Huma Finance reports $101K exploit of deprecated V1 contracts on Polygon


Huma Finance disclosed that its deprecated V1 BaseCreditPool contracts on Polygon were exploited for approximately $101,000, with an attacker draining 82,316 USDC and 19,075 USDC.e through unauthorized drawdowns. The incident, which occurred on May 11, traces back to a logic error in the credit-lifecycle management of contracts that were already supposed to be out of commission.

No user deposits were affected. The PayFi Strategy Token (PST) and Huma’s V2 deployment on Solana remain fully operational and untouched. The damage was confined to pool owner fees and protocol fees.

What went wrong in the deprecated contracts

The root cause was a credit-lifecycle logic error. The old smart contracts had a flaw in how they managed the stages of a credit line, specifically around who could initiate drawdowns and under what conditions. That gap allowed someone to pull funds they should never have been able to access.

Security experts analyzing the incident characterized it as a preventable access-control flaw rather than some novel zero-day vulnerability.
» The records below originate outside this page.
lemma kernel_triangle_bounds:
  assumes "0 \<le> h" "0 \<le> \<alpha>" "\<alpha> < 2"
  shows "ennreal (pi / 4 * (h powr (2 - \<alpha>) / (2 - \<alpha>))) \<le> kernel_triangle \<alpha> h"
    and "kernel_triangle \<alpha> h \<le> ennreal (sqrt 2 powr (2 - \<alpha>) * (pi / 4) * (h powr (2 - \<alpha>) / (2 - \<alpha>)))"
proof -
  have "AE x in lborel. x \<noteq> 0" by (rule AE_lborel_singleton)
  then have pointwise: "AE x in lborel.
      ennreal (pi / 4 * x powr (1 - \<alpha>)) * indicator {0..h} x \<le> kernel_row \<alpha> x * indicator {0..h} x \<and>
      kernel_row \<alpha> x * indicator {0..h} x
        \<le> ennreal (sqrt 2 powr (2 - \<alpha>) * (pi / 4) * x powr (1 - \<alpha>)) * indicator {0..h} x"
    by eventually_elim
       (use kernel_row_bounds[of _ \<alpha>] assms in \<open>auto split: split_indicator\<close>)
  have "ennreal (pi / 4 * (h powr (2 - \<alpha>) / (2 - \<alpha>)))
      = (\<integral>\<^sup>+ x. ennreal (pi / 4 * x powr (1 - \<alpha>)) * indicator {0..h} x \<partial>lborel)"
    by (rule nn_integral_powr_interval[OF assms(1,3), symmetric]) simp
  also have "\<dots> \<le> kernel_triangle \<alpha> h"
    unfolding kernel_triangle_def using pointwise by (intro nn_integral_mono_AE) auto
  finally show "ennreal (pi / 4 * (h powr (2 - \<alpha>) / (2 - \<alpha>))) \<le> kernel_triangle \<alpha> h" .
  have "kernel_triangle \<alpha> h
      \<le> (\<integral>\<^sup>+ x. ennreal (sqrt 2 powr (2 - \<alpha>) * (pi / 4) * x powr (1 - \<alpha>)) * indicator {0..h} x \<partial>lborel)"
    unfolding kernel_triangle_def using pointwise by (intro nn_integral_mono_AE) auto
  also have "\<dots> = ennreal (sqrt 2 powr (2 - \<alpha>) * (pi / 4) * (h powr (2 - \<alpha>) / (2 - \<alpha>)))"
    by (rule nn_integral_powr_interval[OF assms(1,3)]) simp
  finally show "kernel_triangle \<alpha> h
      \<le> ennreal (sqrt 2 powr (2 - \<alpha>) * (pi / 4) * (h powr (2 - \<alpha>) / (2 - \<alpha>)))" .
qed

definition lower_triangle :: "real \<Rightarrow> (real \<times> real) set" where
  "lower_triangle h = {p. 0 \<le> snd p \<and> snd p \<le> fst p \<and> fst p \<le> h}"

definition upper_triangle :: "real \<Rightarrow> (real \<times> real) set" where
  "upper_triangle h = {p. 0 \<le> fst p \<and> fst p < snd p \<and> snd p \<le> h}"

lemma triangles_borel [measurable]:
  "lower_triangle h \<in> sets borel" "upper_triangle h \<in> sets borel"
proof -
  show "lower_triangle h \<in> sets borel" unfolding lower_triangle_def
    by (rule borel_closed) (intro closed_Collect_conj closed_Collect_le continuous_intros)
  have "upper_triangle h = {p. 0 \<le> fst p \<and> snd p \<le> h} \<inter> {p. fst p < snd p}"
    unfolding upper_triangle_def by auto
  then show "upper_triangle h \<in> sets borel"
    by (simp only:) (intro sets.Int borel_closed borel_open closed_Collect_conj closed_Collect_le
        open_Collect_less continuous_intros)
qed

lemma kernel_nn_lower_triangle: "kernel_nn \<alpha> (lower_triangle h) = kernel_triangle \<alpha> h"
proof -
  have "kernel_nn \<alpha> (lower_triangle h)
      = (\<integral>\<^sup>+ x. \<integral>\<^sup>+ y. ennreal (norm (x, y) powr -\<alpha>) * indicator (lower_triangle h) (x, y) \<partial>lborel \<partial>lborel)"
    unfolding kernel_nn_def by (rule nn_integral_lborel_pair_fst) auto
  also have "\<dots> = (\<integral>\<^sup>+ x. kernel_row \<alpha> x * indicator {0..h} x \<partial>lborel)"
  proof (intro nn_integral_cong)
    fix x :: real
    have "(\<integral>\<^sup>+ y. ennreal (norm (x, y) powr -\<alpha>) * indicator (lower_triangle h) (x, y) \<partial>lborel)
        = (\<integral>\<^sup>+ y. ennreal (norm (x, y) powr -\<alpha>) * indicator {0..x} y * indicator {0..h} x \<partial>lborel)"
      by (intro nn_integral_cong) (auto simp: lower_triangle_def split: split_indicator)
    also have "\<dots> = kernel_row \<alpha> x * indicator {0..h} x"
      unfolding kernel_row_def by (rule nn_integral_multc) measurable
    finally show "(\<integral>\<^sup>+ y. ennreal (norm (x, y) powr -\<alpha>) * indicator (lower_triangle h) (x, y) \<partial>lborel)
        = kernel_row \<alpha> x * indicator {0..h} x" .
  qed
  finally show ?thesis unfolding kernel_triangle_def .
qed

lemma kernel_nn_upper_triangle: "kernel_nn \<alpha> (upper_triangle h) = kernel_triangle \<alpha> h"
proof -
  have "kernel_nn \<alpha> (upper_triangle h)
      = (\<integral>\<^sup>+ y. \<integral>\<^sup>+ x. ennreal (norm (x, y) powr -\<alpha>) * indicator (upper_triangle h) (x, y) \<partial>lborel \<partial>lborel)"
    unfolding kernel_nn_def by (rule nn_integral_lborel_pair_snd) auto
  also have "\<dots> = (\<integral>\<^sup>+ y. kernel_row \<alpha> y * indicator {0..h} y \<partial>lborel)"
  proof (intro nn_integral_cong)
    fix y :: real
    have "(\<integral>\<^sup>+ x. ennreal (norm (x, y) powr -\<alpha>) * indicator (upper_triangle h) (x, y) \<partial>lborel)
        = (\<integral>\<^sup>+ x. ennreal (norm (y, x) powr -\<alpha>) * indicator {0..y} x * indicator {0..h} y \<partial>lborel)"
      using AE_lborel_singleton[of y]
      by (intro nn_integral_cong_AE, eventually_elim)
         (auto simp: upper_triangle_def norm_Pair add.commute split: split_indicator)
    also have "\<dots> = kernel_row \<alpha> y * indicator {0..h} y"
      unfolding kernel_row_def by (rule nn_integral_multc) measurable
    finally show "(\<integral>\<^sup>+ x. ennreal (norm (x, y) powr -\<alpha>) * indicator (upper_triangle h) (x, y) \<partial>lborel)
        = kernel_row \<alpha> y * indicator {0..h} y" .
  qed
  finally show ?thesis unfolding kernel_triangle_def .
qed

lemma kernel_nn_square:
  assumes "0 \<le> h"
  shows "kernel_nn \<alpha> ({0..h} \<times> {0..h}) = 2 * kernel_triangle \<alpha> h"
proof -
  have "{0..h} \<times> {0..h} = lower_triangle h \<union> upper_triangle h"
    using assms by (auto simp: lower_triangle_def upper_triangle_def)
  moreover have "lower_triangle h \<inter> upper_triangle h = {}"
    by (auto simp: lower_triangle_def upper_triangle_def)
  ultimately show ?thesis
    by (simp add: kernel_nn_Un kernel_nn_lower_triangle kernel_nn_upper_triangle mult_2)
qed

lemma vertical_line_null_sets: "{a::real} \<times> (UNIV::real set) \<in> null_sets lborel"
proof -
  have "{a} \<times> (UNIV::real set) \<in> null_sets (lborel \<Otimes>\<^sub>M lborel)"
    by (intro lborel.times_in_null_sets1) auto
  then show ?thesis by (simp add: lborel_prod)
qed

lemma horizontal_line_null_sets: "(UNIV::real set) \<times> {a::real} \<in> null_sets lborel"
proof -
  have "(UNIV::real set) \<times> {a} \<in> null_sets (lborel \<Otimes>\<^sub>M lborel)"
    by (intro lborel.times_in_null_sets2) auto
  then show ?thesis by (simp add: lborel_prod)
qed
(* Fix $y_0\in Y$ and suppose an optimal solution $(\bar\psi,\bar\eta)$ of the dual problem exists. Let $(y(\cdot),u(\cdot))$ be an admissible process on $\{0,1,\dots\}$ with $y(0)=y_0$, and suppose that for all $t=0,1,\dots$: $$k(y(t),u(t))-\bar\psi(y(t))+\bar\eta(f(y(t),u(t)))-\bar\eta(y(t))=V(y_0)-\bar\psi(y_0),\qquad\bar\psi(y(t))=\bar\psi(y_0).$$ Then $u(\cdot)$ is optimal in the long-run average problem, i.e. $$\liminf_{T\to\infty}\frac1T\sum_{t=0}^{T-1}k(y(t),u(t))=\inf_{u'\in\mathcal U(y_0)}\liminf_{T\to\infty}\frac1T\sum_{t=0}^{T-1}k(y'(t),u'(t)),$$ where $y'$ denotes the trajectory generated by $u'$.
   Context: Let $Y\subset\mathbb{R}^m$ be nonempty compact, $U_0$ a compact metric space, $U(\cdot):Y\rightsquigarrow U_0$ upper semicontinuous and compact-valued, and $f:\mathbb{R}^m\times U_0\to\mathbb{R}^m$, $k:\mathbb{R}^m\times U_0\to\mathbb{R}$ continuous. Put $A(y):=\{u\in U(y): f(y,u)\in Y\}$ and $G:=\{(y,u):y\in Y,\ u\in A(y)\}$. Standing assumption: $A(y)\ne\emptyset$ for all $y\in Y$. An admissible process from $y_0$ on $\{0,\dots,T-1\}$ (respectively on $\{0,1,\dots\}$) is a pair $(y(t),u(t))$ with $y(0)=y_0$, $u(t)\in A(y(t))$ and $y(t+1)=f(y(t),u(t))$. The controls form $\mathcal U_T(y_0)$ (respectively $\mathcal U(y_0)$). Define $V_T(y_0):=\frac1T\min_{u\in\mathcal U_T(y_0)}\sum_{t=0}^{T-1}k(y(t),u(t))$. Standing assumption of this result: for every $y\in Y$ the limit $V(y):=\lim_{T\to\infty}V_T(y)$ exists, and $V$ is continuous on $Y$. Dual problem: $d^*(y_0):=\sup\mu$, where the supremum is over triples $(\mu,\psi,\eta)\in\mathbb{R}\times C(Y)\times C(Y)$ with, for all $(y,u)\in G$: $$k(y,u)+\psi(y_0)-\psi(y)+\eta(f(y,u))-\eta(y)-\mu\ge0,\qquad\psi(f(y,u))-\psi(y)\ge0.$$ An optimal solution of the dual problem is a pair $(\bar\psi,\bar\eta)\in C(Y)\times C(Y)$ with, for all $(y,u)\in G$: $$k(y,u)+\bar\psi(y_0)-\bar\psi(y)+\bar\eta(f(y,u))-\bar\eta(y)\ge d^*(y_0),\qquad\bar\psi(f(y,u))-\bar\psi(y)\ge0.$$ *)

theory Defs
  imports "HOL-Analysis.Analysis"
begin

definition usc_on :: "'a::metric_space set \<Rightarrow> ('a \<Rightarrow> 'b::topological_space set) \<Rightarrow> bool" where
  "usc_on Y U \<longleftrightarrow> (\<forall>y\<in>Y. \<forall>W. open W \<and> U y \<subseteq> W \<longrightarrow>
      (\<exists>\<delta>>0. \<forall>y'\<in>Y. dist y' y < \<delta> \<longrightarrow> U y' \<subseteq> W))"

definition adm_set :: "'a set \<Rightarrow> ('a \<Rightarrow> 'b set) \<Rightarrow> ('a \<Rightarrow> 'b \<Rightarrow> 'a) \<Rightarrow> 'a \<Rightarrow> 'b set" where
  "adm_set Y U f y = {u \<in> U y. f y u \<in> Y}"

definition graphG :: "'a set \<Rightarrow> ('a \<Rightarrow> 'b set) \<Rightarrow> ('a \<Rightarrow> 'b \<Rightarrow> 'a) \<Rightarrow> ('a \<times> 'b) set" where
  "graphG Y U f = {(y, u). y \<in> Y \<and> u \<in> adm_set Y U f y}"

primrec traj :: "('a \<Rightarrow> 'b \<Rightarrow> 'a) \<Rightarrow> 'a \<Rightarrow> (nat \<Rightarrow> 'b) \<Rightarrow> nat \<Rightarrow> 'a" where
  "traj f y0 u 0 = y0"
| "traj f y0 u (Suc t) = f (traj f y0 u t) (u t)"

definition ctrlsT :: "'a set \<Rightarrow> ('a \<Rightarrow> 'b set) \<Rightarrow> ('a \<Rightarrow> 'b \<Rightarrow> 'a) \<Rightarrow> nat \<Rightarrow> 'a \<Rightarrow> (nat \<Rightarrow> 'b) set" where
  "ctrlsT Y U f T y0 = {u. \<forall>t<T. u t \<in> adm_set Y U f (traj f y0 u t)}"

definition ctrls :: "'a set \<Rightarrow> ('a \<Rightarrow> 'b set) \<Rightarrow> ('a \<Rightarrow> 'b \<Rightarrow> 'a) \<Rightarrow> 'a \<Rightarrow> (nat \<Rightarrow> 'b) set" where
  "ctrls Y U f y0 = {u. \<forall>t. u t \<in> adm_set Y U f (traj f y0 u t)}"

definition VT :: "'a set \<Rightarrow> ('a \<Rightarrow> 'b set) \<Rightarrow> ('a \<Rightarrow> 'b \<Rightarrow> 'a) \<Rightarrow> ('a \<Rightarrow> 'b \<Rightarrow> real) \<Rightarrow> nat \<Rightarrow> 'a \<Rightarrow> real" where
  "VT Y U f k T y0 = (1 / real T) *
     Inf ((\<lambda>u. \<Sum>t<T. k (traj f y0 u t) (u t)) ` ctrlsT Y U f T y0)"

definition Vlim :: "'a set \<Rightarrow> ('a \<Rightarrow> 'b set) \<Rightarrow> ('a \<Rightarrow> 'b \<Rightarrow> 'a) \<Rightarrow> ('a \<Rightarrow> 'b \<Rightarrow> real) \<Rightarrow> 'a \<Rightarrow> real" where
  "Vlim Y U f k y = lim (\<lambda>T. VT Y U f k T y)"

definition dual_value :: "'a::topological_space set \<Rightarrow> ('a \<Rightarrow> 'b set) \<Rightarrow> ('a \<Rightarrow> 'b \<Rightarrow> 'a) \<Rightarrow> ('a \<Rightarrow> 'b \<Rightarrow> real) \<Rightarrow> 'a \<Rightarrow> real" where
  "dual_value Y U f k y0 = Sup {\<mu>. \<exists>\<psi> \<eta>. continuous_on Y \<psi> \<and> continuous_on Y \<eta> \<and>
      (\<forall>(y, u)\<in>graphG Y U f.
         k y u + \<psi> y0 - \<psi> y + \<eta> (f y u) - \<eta> y - \<mu> \<ge> 0 \<and> \<psi> (f y u) - \<psi> y \<ge> 0)}"

definition dual_optimal :: "'a::topological_space set \<Rightarrow> ('a \<Rightarrow> 'b set) \<Rightarrow> ('a \<Rightarrow> 'b \<Rightarrow> 'a) \<Rightarrow> ('a \<Rightarrow> 'b \<Rightarrow> real) \<Rightarrow> 'a
     \<Rightarrow> ('a \<Rightarrow> real) \<Rightarrow> ('a \<Rightarrow> real) \<Rightarrow> bool" where
  "dual_optimal Y U f k y0 \<psi> \<eta> \<longleftrightarrow> continuous_on Y \<psi> \<and> continuous_on Y \<eta> \<and>
      (\<forall>(y, u)\<in>graphG Y U f.
         k y u + \<psi> y0 - \<psi> y + \<eta> (f y u) - \<eta> y \<ge> dual_value Y U f k y0 \<and> \<psi> (f y u) - \<psi> y \<ge> 0)"

definition avg_cost :: "('a \<Rightarrow> 'b \<Rightarrow> 'a) \<Rightarrow> ('a \<Rightarrow> 'b \<Rightarrow> real) \<Rightarrow> 'a \<Rightarrow> (nat \<Rightarrow> 'b) \<Rightarrow> ereal" where
  "avg_cost f k y0 u = liminf (\<lambda>T. ereal ((\<Sum>t<T. k (traj f y0 u t) (u t)) / real T))"

end

theory Submission
  imports Defs
begin

text \<open>Along the given process the two conditions turn the running cost into
  \<open>V(y\<^sub>0) + \<eta>(y(t)) - \<eta>(y(t+1))\<close>, so its partial sums telescope and, \<open>\<eta>\<close> being bounded on
  the compact set \<open>Y\<close>, its averages converge to \<open>V(y\<^sub>0)\<close>. Conversely, the \<open>T\<close>-step average
  of any admissible control is at least \<open>V\<^sub>T(y\<^sub>0)\<close>, which tends to \<open>V(y\<^sub>0)\<close>.\<close>

lemma ctrls_subset_ctrlsT: "ctrls Y U f y0 \<subseteq> ctrlsT Y U f T y0"
  by (auto simp: ctrls_def ctrlsT_def)

lemma traj_in_Y:
  assumes "y0 \<in> Y" "w \<in> ctrlsT Y U f T y0" "t \<le> T"
  shows "traj f y0 w t \<in> Y"
  using assms(3)
proof (induction t)
  case 0
  then show ?case using assms(1) by simp
next
  case (Suc t)
  then have "w t \<in> adm_set Y U f (traj f y0 w t)"
    using assms(2) by (simp add: ctrlsT_def)
  then show ?case by (simp add: adm_set_def)
qed

lemma average_tendsto_of_telescoping:
  fixes a g :: "nat \<Rightarrow> real"
  assumes a: "\<And>t. a t = c + g t - g (Suc t)" and g: "bounded (range g)"
  shows "(\<lambda>T. (\<Sum>t<T. a t) / real T) \<longlonglongrightarrow> c"
proof -
  obtain C where C: "\<And>t. \<bar>g t\<bar> \<le> C"
    using g by (auto simp: bounded_iff)
  have sum_a: "(\<Sum>t<T. a t) = real T * c + (g 0 - g T)" for T
    by (induction T) (simp_all add: a algebra_simps)
  have "(\<lambda>T. (g 0 - g T) / real T) \<longlonglongrightarrow> 0"
  proof (rule Lim_null_comparison)
    have "\<bar>g 0 - g T\<bar> \<le> 2 * C" for T
      using C[of 0] C[of T] by linarith
    then show "\<forall>\<^sub>F T in sequentially. norm ((g 0 - g T) / real T) \<le> 2 * C / real T"
      by (intro always_eventually allI) (simp add: divide_right_mono)
    show "(\<lambda>T. 2 * C / real T) \<longlonglongrightarrow> 0"
      by (rule lim_const_over_n)
  qed
  from tendsto_add[OF tendsto_const this]
  have "(\<lambda>T. c + (g 0 - g T) / real T) \<longlonglongrightarrow> c"
    by simp
  moreover have "\<forall>\<^sub>F T in sequentially. c + (g 0 - g T) / real T = (\<Sum>t<T. a t) / real T"
    using eventually_gt_at_top[of "0::nat"] by eventually_elim (simp add: sum_a field_simps)
  ultimately show ?thesis
    by (rule Lim_transform_eventually)
qed

lemma VT_le_average:
  assumes "y0 \<in> Y" "w \<in> ctrlsT Y U f T y0" "T > 0"
    and k_lower: "\<And>x v. x \<in> Y \<Longrightarrow> v \<in> adm_set Y U f x \<Longrightarrow> B \<le> k x v"
  shows "VT Y U f k T y0 \<le> (\<Sum>t<T. k (traj f y0 w t) (w t)) / real T"
proof -
  let ?cost = "\<lambda>w. \<Sum>t<T. k (traj f y0 w t) (w t)"
  have "real T * B \<le> ?cost w'" if "w' \<in> ctrlsT Y U f T y0" for w'
  proof -
    have "B \<le> k (traj f y0 w' t) (w' t)" if "t < T" for t
    proof (rule k_lower)
      show "traj f y0 w' t \<in> Y"
        using traj_in_Y[OF \<open>y0 \<in> Y\<close> \<open>w' \<in> ctrlsT Y U f T y0\<close>] \<open>t < T\<close> by simp
      show "w' t \<in> adm_set Y U f (traj f y0 w' t)"
        using \<open>w' \<in> ctrlsT Y U f T y0\<close> \<open>t < T\<close> by (simp add: ctrlsT_def)
    qed
    then show ?thesis
      using sum_mono[of "{..<T}" "\<lambda>_. B"] by simp
  qed
  then have "bdd_below (?cost ` ctrlsT Y U f T y0)"
    by (intro bdd_belowI[of _ "real T * B"]) auto
  then have "Inf (?cost ` ctrlsT Y U f T y0) \<le> ?cost w"
    using assms(2) by (intro cInf_lower) auto
  then show ?thesis
    using \<open>T > 0\<close> by (simp add: VT_def field_simps)
qed

lemma Vlim_le_avg_cost:
  assumes "y0 \<in> Y" "convergent (\<lambda>T. VT Y U f k T y0)" "w \<in> ctrls Y U f y0"
    and k_lower: "\<And>x v. x \<in> Y \<Longrightarrow> v \<in> adm_set Y U f x \<Longrightarrow> B \<le> k x v"
  shows "ereal (Vlim Y U f k y0) \<le> avg_cost f k y0 w"
proof -
  have "(\<lambda>T. VT Y U f k T y0) \<longlonglongrightarrow> Vlim Y U f k y0"
    using assms(2) by (simp add: Vlim_def convergent_LIMSEQ_iff)
  then have "ereal (Vlim Y U f k y0) = liminf (\<lambda>T. ereal (VT Y U f k T y0))"
    by (intro lim_imp_Liminf[symmetric]) simp_all
  also have "\<dots> \<le> avg_cost f k y0 w"
    unfolding avg_cost_def
  proof (rule Liminf_mono)
    show "\<forall>\<^sub>F T in sequentially. ereal (VT Y U f k T y0)
            \<le> ereal ((\<Sum>t<T. k (traj f y0 w t) (w t)) / real T)"
      using eventually_gt_at_top[of "0::nat"]
    proof eventually_elim
      case (elim T)
      then show ?case
        using VT_le_average[OF assms(1) subsetD[OF ctrls_subset_ctrlsT assms(3)] elim k_lower]
        by simp
    qed
  qed
  finally show ?thesis .
qed

lemma cost_bounded_below:
  fixes k :: "'a::metric_space \<Rightarrow> 'b::metric_space \<Rightarrow> real"
  assumes "compact Y" "compact U0" "\<And>x. x \<in> Y \<Longrightarrow> U x \<subseteq> U0"
    and "continuous_on (UNIV \<times> U0) (\<lambda>(x, v). k x v)"
  obtains B where "\<And>x v. x \<in> Y \<Longrightarrow> v \<in> adm_set Y U f x \<Longrightarrow> B \<le> k x v"
proof -
  have "continuous_on (Y \<times> U0) (\<lambda>(x, v). k x v)"
    using assms(4) by (rule continuous_on_subset) auto
  then obtain B where "\<And>z. z \<in> Y \<times> U0 \<Longrightarrow> norm ((\<lambda>(x, v). k x v) z) \<le> B"
    using continuous_on_compact_bound[OF compact_Times[OF assms(1,2)]] by metis
  then have "- B \<le> k x v" if "x \<in> Y" "v \<in> adm_set Y U f x" for x v
    using that assms(3) by (force simp: adm_set_def)
  then show ?thesis
    using that by blast
qed

lemma optimal_if_average_tendsto_Vlim:
  assumes "y0 \<in> Y" "convergent (\<lambda>T. VT Y U f k T y0)" "u \<in> ctrls Y U f y0"
    and k_lower: "\<And>x v. x \<in> Y \<Longrightarrow> v \<in> adm_set Y U f x \<Longrightarrow> B \<le> k x v"
    and "(\<lambda>T. (\<Sum>t<T. k (traj f y0 u t) (u t)) / real T) \<longlonglongrightarrow> Vlim Y U f k y0"
  shows "avg_cost f k y0 u = (INF u' \<in> ctrls Y U f y0. avg_cost f k y0 u')"
proof (rule antisym)
  show "avg_cost f k y0 u \<le> (INF u' \<in> ctrls Y U f y0. avg_cost f k y0 u')"
  proof (rule INF_greatest)
    have "avg_cost f k y0 u = ereal (Vlim Y U f k y0)"
      unfolding avg_cost_def using assms(5) by (intro lim_imp_Liminf) simp_all
    then show "avg_cost f k y0 u \<le> avg_cost f k y0 u'" if "u' \<in> ctrls Y U f y0" for u'
      using Vlim_le_avg_cost[OF assms(1,2) that k_lower] by simp
  qed
  show "(INF u' \<in> ctrls Y U f y0. avg_cost f k y0 u') \<le> avg_cost f k y0 u"
    using assms(3) by (rule INF_lower)
qed

theorem proposition4p5:
  fixes Y :: "'a::euclidean_space set"
    and U0 :: "'b::metric_space set"
    and U :: "'a \<Rightarrow> 'b set"
    and f :: "'a \<Rightarrow> 'b \<Rightarrow> 'a"
    and k :: "'a \<Rightarrow> 'b \<Rightarrow> real"
    and y0 :: 'a
    and \<psi> \<eta> :: "'a \<Rightarrow> real"
    and y :: "nat \<Rightarrow> 'a"
    and u :: "nat \<Rightarrow> 'b"
  assumes Y: "compact Y" "Y \<noteq> {}"
    and U0: "compact U0"
    and U_sub: "\<And>x. x \<in> Y \<Longrightarrow> U x \<subseteq> U0"
    and U_compact: "\<And>x. x \<in> Y \<Longrightarrow> compact (U x)"
    and U_usc: "usc_on Y U"
    and f_cont: "continuous_on (UNIV \<times> U0) (\<lambda>(x, v). f x v)"
    and k_cont: "continuous_on (UNIV \<times> U0) (\<lambda>(x, v). k x v)"
    and A_nonempty: "\<And>x. x \<in> Y \<Longrightarrow> adm_set Y U f x \<noteq> {}"
    and V_conv: "\<And>x. x \<in> Y \<Longrightarrow> convergent (\<lambda>T. VT Y U f k T x)"
    and V_cont: "continuous_on Y (Vlim Y U f k)"
    and y0: "y0 \<in> Y"
    and opt: "dual_optimal Y U f k y0 \<psi> \<eta>"
    and y_0: "y 0 = y0"
    and u_adm: "\<And>t. u t \<in> adm_set Y U f (y t)"
    and y_step: "\<And>t. y (Suc t) = f (y t) (u t)"
    and cond1: "\<And>t. k (y t) (u t) - \<psi> (y t) + \<eta> (f (y t) (u t)) - \<eta> (y t)
                    = Vlim Y U f k y0 - \<psi> y0"
    and cond2: "\<And>t. \<psi> (y t) = \<psi> y0"
  shows "liminf (\<lambda>T. ereal ((\<Sum>t<T. k (y t) (u t)) / real T))
         = (INF u' \<in> ctrls Y U f y0. avg_cost f k y0 u')"
proof -
  have traj_eq: "traj f y0 u = y"
  proof
    show "traj f y0 u t = y t" for t
      by (induction t) (simp_all add: y_0 y_step)
  qed
  have u_ctrl: "u \<in> ctrls Y U f y0"
    using u_adm by (simp add: ctrls_def traj_eq)
  have "range (\<lambda>t. \<eta> (y t)) \<subseteq> \<eta> ` Y"
    using traj_in_Y[OF y0 subsetD[OF ctrls_subset_ctrlsT u_ctrl]] by (auto simp: traj_eq)
  moreover have "bounded (\<eta> ` Y)"
    using opt Y(1) by (simp add: dual_optimal_def compact_imp_bounded compact_continuous_image)
  ultimately have "bounded (range (\<lambda>t. \<eta> (y t)))"
    using bounded_subset by blast
  moreover have "k (y t) (u t) = Vlim Y U f k y0 + \<eta> (y t) - \<eta> (y (Suc t))" for t
    using cond1[of t] cond2[of t] y_step[of t] by simp
  ultimately have "(\<lambda>T. (\<Sum>t<T. k (y t) (u t)) / real T) \<longlonglongrightarrow> Vlim Y U f k y0"
    by (intro average_tendsto_of_telescoping)
  moreover obtain B where "\<And>x v. x \<in> Y \<Longrightarrow> v \<in> adm_set Y U f x \<Longrightarrow> B \<le> k x v"
    using cost_bounded_below[where U = U and f = f, OF Y(1) U0 U_sub k_cont] by blast
  ultimately have "avg_cost f k y0 u = (INF u' \<in> ctrls Y U f y0. avg_cost f k y0 u')"
    by (intro optimal_if_average_tendsto_Vlim[OF y0 V_conv[OF y0] u_ctrl]) (simp_all add: traj_eq)
  then show ?thesis
    by (simp add: avg_cost_def traj_eq)
qed

end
Huma’s response and broader context

Huma Finance announced the exploit on social media the same day it happened. The protocol was quick to draw a clear line between what was compromised and what was not. User deposits: safe. PST holdings: unaffected. The Solana-based V2 system: operating normally. This distinction matters because Huma had recently integrated PST into USD* backing strategies on April 30, just about two weeks before the exploit.

Huma Finance positions itself as a decentralized PayFi protocol, bridging payment financing with on-chain infrastructure. The protocol originated in 2025 and has been building out its presence with a particular focus on Solana as its primary operational chain going forward. The Polygon-based V1 contracts were essentially the older model, left behind as the team upgraded.

No other major incidents or notable updates from Huma were reported in the 30 days preceding the exploit.

What this means for investors and the DeFi ecosystem

The point is that deprecated smart contracts represent a systemic blind spot across DeFi. Protocols upgrade, migrate chains, launch V2 and V3 iterations, but the old contracts persist on-chain indefinitely. If residual funds aren’t fully drained and contracts aren’t hardened or paused, they become targets.

Expert analysis indicated this was a straightforward access-control flaw, the kind of vulnerability that deeper audits would catch. Most audit firms focus their attention on new deployments, not old ones gathering dust.

The broader DeFi market showed no significant ripple effects from the exploit. The V2 architecture is separate from the compromised V1 contracts, and no evidence suggests shared vulnerabilities between the two.